If your shared links or file requests have stopped working, and you’ve ruled out other causes, they may have been banned because of too much traffic. When your shared links are banned, you can’t share them, but the files are still available to you in your Dropbox. When your file requests are banned, people will not be able to upload files to your file request.
Traffic limits
Links and file requests are automatically banned if they generate unusually large amounts of traffic.
Dropbox Basic (free) accounts:
- The total amount of traffic that all of your links and file requests together can generate without getting banned is 20 GB per day.
- The total number of downloads that all of your links together can generate is 100,000 downloads per day.
Dropbox Pro and Dropbox for Business accounts:
- The total amount of traffic that all of your links and file requests together can generate without getting banned is about 200 GB per day.
- There’s no daily limit to the number of downloads that your links can generate.
If your account hits our limit, we’ll send a message to the email address registered to your account. Your links will be temporarily disabled, and anyone who tries to access them will see an error page instead of your files.
But there’s no way my links generated that much traffic!

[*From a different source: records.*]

lemma subst_pw_omega_pt:
  assumes g: "\<forall>b\<in>B. g b \<in> Omega A" and w: "w \<in> Omega B"
  shows "subst_pw A B g (omega_pt B w) = omega_pt A (subst_pw A B g w)"
proof (rule Omega_eqI)
  show "subst_pw A B g (omega_pt B w) \<in> Omega A" "omega_pt A (subst_pw A B g w) \<in> Omega A"
    using subst_pw_Omega[OF g] omega_pt_Omega w by auto
  fix S \<phi> assume a: "adm A S \<phi>"
  show "subst_pw A B g (omega_pt B w) S \<phi> = omega_pt A (subst_pw A B g w) S \<phi>"
    using adm_subst[OF g a] a by (simp add: subst_pw_adm omega_pt_adm)
qed

lemma cont_hom_subst_pw:
  assumes g: "\<forall>b\<in>B. g b \<in> Omega A"
  shows "cont_hom B A (subst_pw A B g)"
proof -
  have "continuous_map (omega_top B) (omega_top A) (subst_pw A B g)"
  proof (rule continuous_map_into_omega_top)
    show "subst_pw A B g \<in> topspace (omega_top B) \<rightarrow> Omega A" using subst_pw_Omega[OF g] by auto
    fix S \<phi> c assume a: "adm A S \<phi>"
    have "{x \<in> topspace (omega_top B). subst_pw A B g x S \<phi> = c}
        = {x \<in> Omega B. x S (restrict (\<lambda>b. g b S \<phi>) B) = c}"
      using a by (simp add: subst_pw_adm)
    then show "openin (omega_top B) {x \<in> topspace (omega_top B). subst_pw A B g x S \<phi> = c}"
      using openin_omega_top_ev[OF adm_subst[OF g a]] by simp
  qed
  then show ?thesis
    unfolding cont_hom_def using subst_pw_Omega[OF g] subst_pw_pmul[OF g] by auto
qed

section \<open>Provability\<close>

abbreviation omega_top2 :: "'a set \<Rightarrow> ('a pw \<times> 'a pw) topology" where
  "omega_top2 A \<equiv> prod_topology (omega_top A) (omega_top A)"

definition wf_pseudoidentities :: "('b set \<times> 'b pw \<times> 'b pw) set \<Rightarrow> bool" where
  "wf_pseudoidentities \<Sigma> \<longleftrightarrow> (\<forall>B l r. (B, l, r) \<in> \<Sigma> \<longrightarrow> l \<in> Omega B \<and> r \<in> Omega B)"

lemma Sigma0_subset_provable_rel: "Sigma0 \<Sigma> A \<subseteq> provable_rel \<Sigma> A"
  unfolding provable_rel_def by blast

lemma provable_rel_trans:
  "(x, y) \<in> provable_rel \<Sigma> A \<Longrightarrow> (y, z) \<in> provable_rel \<Sigma> A \<Longrightarrow> (x, z) \<in> provable_rel \<Sigma> A"
  unfolding provable_rel_def trans_def by blast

Even with a traffic limit of 20 GB or about 200 GB per day, or 100,000 downloads per day, it’s entirely possible for links to go over the limit. Let’s say you’ve sent a link to a file to a small number of people. One of the recipients could have sent the link to others, leading to more people viewing the file and using up the allotted traffic. Or one of the recipients could have downloaded the file multiple times; each download is counted separately for tracking purposes. If you publish your link on social media, it may quickly spread to a very large audience with or without your knowledge.